Bournemouth restarted the game with intent and replied instantly. As Ake and Fraser linked up, Fraser advanced into the final third and slipped Callum Wilson through into the left of the box. Still, with a lot of work to do, the Goal Machine produced a nice finish to whip the ball around Schmeichel at his near post, the ball kissing the far post as it went in. Cue relief in the away end, back on level terms, we could settle into the game again! The home end was quietened down, and we’d seen Wee Man and Callum link up again. This had to bode well?

Cherries were looking lively in attack as a series of fouls from Leicester defenders on the edge of the box (right in H.Wilson range) went ignored by referee Bankes. One poor tackle on a Billing burst forward was particularly inexplicable as to why it was missed. Another on H.Wilson was continued with an advantage, the ball falling for Fraser in a rather useless position with little advantage, yet the ref didn’t pull play back. The controversy surrounding the officiating was only just beginning.

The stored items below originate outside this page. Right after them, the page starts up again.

definition fd_entails :: "('v set \<times> 'v set) set \<Rightarrow> 'v set \<Rightarrow> 'v \<Rightarrow> bool" where
  "fd_entails \<Sigma> X x \<longleftrightarrow> x \<in> fd_closure \<Sigma> X"

definition Fplus :: "'r signature \<Rightarrow> ('r, 'v, 'c) atom set \<Rightarrow> ('r, 'v, 'c) atom \<Rightarrow> 'v set" where
  "Fplus sig q F = {x \<in> qvars q. fd_entails (FD sig (q - {F})) (akey sig F) x}"

definition Foplus :: "'r signature \<Rightarrow> ('r, 'v, 'c) atom set \<Rightarrow> ('r, 'v, 'c) atom \<Rightarrow> 'v set" where
  "Foplus sig q F = {x \<in> qvars q. fd_entails (FD sig q) (akey sig F) x}"

definition tree_path :: "('a \<times> 'a) set \<Rightarrow> 'a \<Rightarrow> 'a \<Rightarrow> 'a list \<Rightarrow> bool" where
  "tree_path E F G ps \<longleftrightarrow> ps \<noteq> [] \<and> hd ps = F \<and> last ps = G \<and> distinct ps
      \<and> (\<forall>i. Suc i < length ps \<longrightarrow> (ps ! i, ps ! Suc i) \<in> E)"

definition is_tree :: "'a set \<Rightarrow> ('a \<times> 'a) set \<Rightarrow> bool" where
  "is_tree V E \<longleftrightarrow> E \<subseteq> V \<times> V \<and> sym E \<and> (\<forall>x. (x, x) \<notin> E)
      \<and> (\<forall>F\<in>V. \<forall>G\<in>V. \<exists>!ps. tree_path E F G ps)"

definition join_tree :: "('r, 'v, 'c) atom set \<Rightarrow> (('r, 'v, 'c) atom \<times> ('r, 'v, 'c) atom) set \<Rightarrow> bool" where
  "join_tree q \<tau> \<longleftrightarrow> is_tree q \<tau>
      \<and> (\<forall>F\<in>q. \<forall>G\<in>q. \<forall>ps. tree_path \<tau> F G ps \<longrightarrow>
            (\<forall>x. x \<in> avars F \<and> x \<in> avars G \<longrightarrow> (\<forall>H\<in>set ps. x \<in> avars H)))"

definition acyclic_query :: "('r, 'v, 'c) atom set \<Rightarrow> bool" where
  "acyclic_query q \<longleftrightarrow> (\<exists>\<tau>. join_tree q \<tau>)"

definition attacks :: "'r signature \<Rightarrow> ('r, 'v, 'c) atom set
    \<Rightarrow> (('r, 'v, 'c) atom \<times> ('r, 'v, 'c) atom) set
    \<Rightarrow> ('r, 'v, 'c) atom \<Rightarrow> ('r, 'v, 'c) atom \<Rightarrow> bool" where
  "attacks sig q \<tau> F G \<longleftrightarrow> F \<in> q \<and> G \<in> q \<and> F \<noteq> G
      \<and> (\<forall>ps. tree_path \<tau> F G ps \<longrightarrow>
            (\<forall>i. Suc i < length ps \<longrightarrow>
                 \<not> (avars (ps ! i) \<inter> avars (ps ! Suc i) \<subseteq> Fplus sig q F)))"

definition weak_attack :: "'r signature \<Rightarrow> ('r, 'v, 'c) atom set
    \<Rightarrow> (('r, 'v, 'c) atom \<times> ('r, 'v, 'c) atom) set
    \<Rightarrow> ('r, 'v, 'c) atom \<Rightarrow> ('r, 'v, 'c) atom \<Rightarrow> bool" where
  "weak_attack sig q \<tau> F G \<longleftrightarrow> attacks sig q \<tau> F G \<and> akey sig G \<subseteq> Foplus sig q F"

definition is_cycle :: "'r signature \<Rightarrow> ('r, 'v, 'c) atom set
    \<Rightarrow> (('r, 'v, 'c) atom \<times> ('r, 'v, 'c) atom) set \<Rightarrow> ('r, 'v, 'c) atom list \<Rightarrow> bool" where
  "is_cycle sig q \<tau> cs \<longleftrightarrow> cs \<noteq> [] \<and> distinct cs
      \<and> (\<forall>i<length cs. attacks sig q \<tau> (cs ! i) (cs ! ((Suc i) mod length cs)))"

definition terminal_cycle :: "'r signature \<Rightarrow> ('r, 'v, 'c) atom set
    \<Rightarrow> (('r, 'v, 'c) atom \<times> ('r, 'v, 'c) atom) set \<Rightarrow> ('r, 'v, 'c) atom list \<Rightarrow> bool" where
  "terminal_cycle sig q \<tau> cs \<longleftrightarrow> is_cycle sig q \<tau> cs
      \<and> (\<forall>F\<in>set cs. \<forall>G. attacks sig q \<tau> F G \<longrightarrow> G \<in> set cs)"

end

theory Submission
  imports Defs "HOL-Library.Transitive_Closure_Table"
begin

text \<open>
  If every atom lies on a cycle of the attack graph and every cycle is terminal, then every atom
  attacks exactly one atom, its successor on its cycle, and is attacked by some atom.
  Attacks spread along shared variables: if F attacks A, and w \<in> vars(A) \<inter> vars(B) with
  w \<notin> F^{+,q}, then F also attacks B, since every label on the join-tree path from A to B
  contains w. Hence F^{+,q} \<subseteq> key(F): a dependency key(H) \<rightarrow> vars(H) with H \<noteq> F firing
  inside the closure of key(F) would make the attacker of H attack F as well, forcing H = F.
  For (1), a variable x shared with another cycle and missing from key(E) for some E on the
  cycle would let E attack the other cycle, contradicting terminality; so x passes backwards
  along the cycle into every key. For (2), induct over the derivation of y \<in> key(G) from key(F)
  under FD(q): if y \<notin> vars(F), the atom whose dependency produced y is attacked by F through y,
  hence is G, and y was already derived before.
\<close>

lemma rtrancl_path_iff_successively:
  "rtrancl_path r x xs y \<longleftrightarrow> successively r (x # xs) \<and> last (x # xs) = y"
proof (induction xs arbitrary: x)
  case Nil
  show ?case by (auto elim: rtrancl_path.cases intro: rtrancl_path.base)
next
  case (Cons z zs)
  have "rtrancl_path r x (z # zs) y \<longleftrightarrow> r x z \<and> rtrancl_path r z zs y"
    by (auto elim: rtrancl_path.cases intro: rtrancl_path.step)
  then show ?case using Cons.IH by simp
qed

Lerma was given a very soft yellow card that nullified him for the rest of the game. Having allowed equal if not more forceful poor challenges to go totally unpunished, Lerma was understandably upset with Mr Bankes. Billing was given a more justified yellow, also taking the edge off his game. You had to wonder whether both would make it through the game having gotten booked this early on.

In attack, Leicester looked dangerous, their balls out to the flanks always pin-point accurate, their crosses into the box always of good quality. Maddison was at the heart of everything they did well, and we never really got to grips with him. Playing in the acres of space between Lerma/Billing and Cook/Mepham, he made everything look easy as he linked up the play. The ball would be played fairly long into Vardy who would knock it back to Maddison, and then he’d create an opening like clockwork.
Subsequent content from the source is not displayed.